(* Let $\Omega\subseteq S^{n-1}$ be a closed set not contained in any closed hemisphere of $S^{n-1}$, let $\Psi\in\mathcal C_I\cup\mathcal C_d$, $f\in C^+(\Omega)$, $g\in C(\Omega)$, and for $|\varepsilon|$ sufficiently small let $f_\varepsilon\in C^+(\Omega)$ be defined by $\Psi(\xi,f_\varepsilon(\xi))=\Psi(\xi,f(\xi))+\varepsilon g(\xi)$, $\xi\in\Omega$. (i) For $v\in S^{n-1}\setminus\eta_{\langle f\rangle}$, letting $u_0=\alpha_{\langle f\rangle^*}(v)$, $$\lim_{\varepsilon\to0}\frac{\log h_{\langle f_\varepsilon\rangle}(v)-\log h_{\langle f\rangle}(v)}{\varepsilon}=\frac{g(u_0)}{f(u_0)\Psi_t(u_0,f(u_0))}.$$ (ii) For $\xi\in S^{n-1}\setminus\eta_{\langle 1/f\rangle}$, letting $u_1=\alpha_{[f]}(\xi)$, $$\lim_{\varepsilon\to0}\frac{\log\rho_{[f_\varepsilon]}(\xi)-\log\rho_{[f]}(\xi)}{\varepsilon}=\frac{g(u_1)}{f(u_1)\Psi_t(u_1,f(u_1))}.$$
   Context: $S^{n-1}$ is the unit sphere of $\mathbb R^n$, $n\ge2$. $\mathscr K^n_{(o)}$ is the set of compact convex sets in $\mathbb R^n$ with the origin in their interior. For $K\in\mathscr K^n_{(o)}$: $h_K(x)=\max\{x\cdot y:y\in K\}$, $\rho_K(x)=\max\{t\ge0:tx\in K\}$, $K^*=\{x:x\cdot y\le1\ \forall y\in K\}$. $\eta_K$ is the set of $u\in S^{n-1}$ for which $\{x\in\partial K:x\cdot u=h_K(u)\}$ contains two or more points. For $\xi\in S^{n-1}$, $\pmb\alpha_K(\xi)$ is the set of outer unit normals of $K$ at $\rho_K(\xi)\xi$; for $v\notin\eta_K$ the set $\pmb\alpha_{K^*}(v)$ is a singleton, written $\{\alpha_{K^*}(v)\}$ (and, in particular, $\alpha_{\langle f\rangle^*}(v)$ for $v\notin\eta_{\langle f\rangle}$, $\alpha_{[f]}(\xi)$ for $\xi\notin\eta_{\langle1/f\rangle}$, noting $[f]=\langle 1/f\rangle^*$, are well-defined and lie in $\Omega$). $\mathcal C$ is the set of $G:S^{n-1}\times(0,\infty)\to\mathbb R$ with $G$ and $G_t=\partial G/\partial t$ continuous; $\mathcal C_I=\{G\in\mathcal C:G_t>0\}$, $\mathcal C_d=\{G\in\mathcal C:G_t<0\}$. $C(\Omega)$: continuous functions on $\Omega$; $C^+(\Omega)$: strictly positive ones. For $f\in C^+(\Omega)$: $[f]=\bigcap_{\xi\in\Omega}\{x:x\cdot\xi\le f(\xi)\}$ and $\langle f\rangle=\mathrm{conv}\{f(\xi)\xi:\xi\in\Omega\}$. *)

theory Defs
  imports "HOL-Analysis.Analysis"
begin

definition supp_fun :: "'a::euclidean_space set \<Rightarrow> 'a \<Rightarrow> real" where
  "supp_fun K x = Sup ((\<lambda>y. x \<bullet> y) ` K)"

definition radial_fun :: "'a::euclidean_space set \<Rightarrow> 'a \<Rightarrow> real" where
  "radial_fun K x = Sup {t. t \<ge> 0 \<and> t *\<^sub>R x \<in> K}"

definition polar :: "'a::euclidean_space set \<Rightarrow> 'a set" where
  "polar K = {x. \<forall>y\<in>K. x \<bullet> y \<le> 1}"

definition eta :: "'a::euclidean_space set \<Rightarrow> 'a set" where
  "eta K = {u \<in> sphere 0 1. \<exists>x y. x \<noteq> y \<and>
      x \<in> frontier K \<and> x \<bullet> u = supp_fun K u \<and>
      y \<in> frontier K \<and> y \<bullet> u = supp_fun K u}"

definition radial_gauss :: "'a::euclidean_space set \<Rightarrow> 'a \<Rightarrow> 'a set" where
  "radial_gauss K \<xi> = {u \<in> sphere 0 1.
      u \<bullet> (radial_fun K \<xi> *\<^sub>R \<xi>) = supp_fun K u}"

definition radial_gauss1 :: "'a::euclidean_space set \<Rightarrow> 'a \<Rightarrow> 'a" where
  "radial_gauss1 K \<xi> = (THE u. u \<in> radial_gauss K \<xi>)"

definition wulff :: "'a::euclidean_space set \<Rightarrow> ('a \<Rightarrow> real) \<Rightarrow> 'a set" where
  "wulff \<Omega> f = (\<Inter>\<xi>\<in>\<Omega>. {x. x \<bullet> \<xi> \<le> f \<xi>})"

definition conv_hull_fun :: "'a::euclidean_space set \<Rightarrow> ('a \<Rightarrow> real) \<Rightarrow> 'a set" where
  "conv_hull_fun \<Omega> f = convex hull ((\<lambda>\<xi>. f \<xi> *\<^sub>R \<xi>) ` \<Omega>)"

definition deriv_t :: "('a \<Rightarrow> real \<Rightarrow> real) \<Rightarrow> 'a \<Rightarrow> real \<Rightarrow> real" where
  "deriv_t G \<xi> t = deriv (G \<xi>) t"

definition class_C :: "('a::euclidean_space \<Rightarrow> real \<Rightarrow> real) \<Rightarrow> bool" where
  "class_C G \<longleftrightarrow>
     continuous_on (sphere 0 1 \<times> {0<..}) (\<lambda>(\<xi>, t). G \<xi> t) \<and>
     (\<forall>\<xi>\<in>sphere 0 1. \<forall>t>0. G \<xi> differentiable (at t)) \<and>
     continuous_on (sphere 0 1 \<times> {0<..}) (\<lambda>(\<xi>, t). deriv_t G \<xi> t)"

definition class_C_I :: "('a::euclidean_space \<Rightarrow> real \<Rightarrow> real) \<Rightarrow> bool" where
  "class_C_I G \<longleftrightarrow> class_C G \<and> (\<forall>\<xi>\<in>sphere 0 1. \<forall>t>0. deriv_t G \<xi> t > 0)"

definition class_C_d :: "('a::euclidean_space \<Rightarrow> real \<Rightarrow> real) \<Rightarrow> bool" where
  "class_C_d G \<longleftrightarrow> class_C G \<and> (\<forall>\<xi>\<in>sphere 0 1. \<forall>t>0. deriv_t G \<xi> t < 0)"

end

theory Submission
  imports Defs
begin
text \<open>
  For \<open>k < n/2 - 1\<close> at most one orientation of an edge has at most \<open>k\<close> vertices on its
  left, so \<open>E_{\<le>\<le>k}(D)\<close> is the sum, over all directed arcs \<open>x \<rightarrow> y\<close>, of \<open>(k + 1 - l(x,y))\<^sub>+\<close>,
  where \<open>l(x,y)\<close> counts the vertices on the left of \<open>x \<rightarrow> y\<close>.
  At a vertex at either end of the spine the left sets of the incident arcs are strictly
  nested, so their left counts run exactly once through \<open>0, \<dots>, n - 2\<close>.
  Adding the last vertex \<open>m\<close> raises \<open>l\<close> by one precisely on the arcs having \<open>m\<close> on their
  left; hence the weight with parameter \<open>k + 1\<close> is the weight with parameter \<open>k\<close> on the
  first \<open>n - 1\<close> vertices, plus the number \<open>R\<close> of their arcs with at most \<open>k\<close> vertices on
  the left and \<open>m\<close> on the right, plus \<open>2 \<cdot> C(k+2,2)\<close> from the star at \<open>m\<close>.
  Peeling off the first vertex repeatedly, its star contributes exactly \<open>k + 1, k, \<dots>, 1\<close>
  arcs to \<open>R\<close>, so \<open>R \<ge> C(k+2,2)\<close>, and induction on \<open>k\<close> gives
  \<open>3 C(k+2,3) + 3 C(k+2,2) = 3 C(k+3,3)\<close>.
\<close>

lemma ccw_swap:
  assumes "p \<noteq> q" "q \<noteq> r" "p \<noteq> r"
  shows "ccw D q p r \<longleftrightarrow> \<not> ccw D p q r"
  using assms unfolding ccw_def Let_def
  by (cases "p < q"; cases "q < r"; cases "p < r"; simp add: min_def max_def)

lemma ccw_abc: "a < b \<Longrightarrow> b < c \<Longrightarrow> ccw D a b c \<longleftrightarrow> D a c"
  unfolding ccw_def Let_def by (simp add: min_def max_def)
lemma binom_col_sum_Suc:
  fixes x :: "'a::field_char_0"
  shows "of_nat (2*n+2) * binom_col_sum (n+1) x - of_nat (4*(2*n+1)) * binom_col_sum n x
       = 2 * x * binom_col_poly n x - 4 * (binom_col_poly n x - of_nat ((2*n) choose n))"
proof -
  define a where "a k = (of_nat ((2*n+2-k) choose (n+1)) :: 'a)" for k
  define b where "b k = (of_nat ((2*n-k) choose n) :: 'a)" for k
  define c where "c k = (of_nat ((2*n+1-k) choose n) :: 'a)" for k
  have coeff: "of_nat (2*n+2) * (a k * x^k / of_nat k) - of_nat (4*(2*n+1)) * (b k * x^k / of_nat k)
      = 2 * (c k * x^k) - 4 * (b k * x^k)" if "k \<in> {1..n}" for k
  proof -
    have "of_nat (2*n+2) * a k + of_nat (4*k) * b k = of_nat (4*(2*n+1)) * b k + of_nat (2*k) * c k"
      using binomial_column_rec[of k n] that unfolding a_def b_def c_def atLeastAtMost_iff
      by (simp only: of_nat_mult [symmetric] of_nat_add [symmetric] of_nat_eq_iff mult.assoc)
    then have "of_nat (2*n+2) * a k - of_nat (4*(2*n+1)) * b k = of_nat k * (2 * c k - 4 * b k)"
      by (simp add: algebra_simps)
    moreover have "(of_nat k :: 'a) \<noteq> 0"
      using that by simp
    ultimately have "(of_nat (2*n+2) * a k - of_nat (4*(2*n+1)) * b k) * x^k / of_nat k
        = (2 * c k - 4 * b k) * x^k"
      by simp
    then show ?thesis
      by (simp add: divide_inverse algebra_simps)
  qed
  have "of_nat (2*n+2) * binom_col_sum (n+1) x - of_nat (4*(2*n+1)) * binom_col_sum n x
      = (\<Sum>k=1..n. of_nat (2*n+2) * (a k * x^k / of_nat k) - of_nat (4*(2*n+1)) * (b k * x^k / of_nat k))
        + of_nat (2*n+2) * (x^(n+1) / of_nat (n+1))"
    unfolding binom_col_sum_Suc_eq[of n x, folded a_def] binom_col_sum_def[of n x, folded b_def]
      sum_subtractf distrib_left sum_distrib_left
    by (simp only: algebra_simps)
  also have "\<dots> = (\<Sum>k=1..n. 2 * (c k * x^k) - 4 * (b k * x^k)) + 2 * x^(n+1)"
  proof (intro arg_cong2[where f = "(+)"] sum.cong)
    have "(of_nat (2*n+2) :: 'a) = 2 * of_nat (n+1)"
      by simp
    then show "of_nat (2*n+2) * (x^(n+1) / of_nat (n+1)) = 2 * x^(n+1)"
      by (simp del: of_nat_add of_nat_Suc)
  qed (simp_all only: coeff)
  also have "\<dots> = 2 * x * binom_col_poly n x - 4 * (binom_col_poly n x - of_nat ((2*n) choose n))"
    unfolding mult.assoc mult_binom_col_poly[of x n, folded c_def] binom_col_poly_minus_central_binomial[of n x, folded b_def]
    by (simp add: sum_distrib_left sum_subtractf del: binomial_Suc_Suc)
  finally show ?thesis .
qed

+--

- [WHAT IS NEEDED] After reading through the material, report every line that holds "counts".

- [EXERCISE RESPONSE]
  where \<open>l(x,y)\<close> counts the vertices on the left of \<open>x \<rightarrow> y\<close>.
  nested, so their left counts run exactly once through \<open>0, \<dots>, n - 2\<close>.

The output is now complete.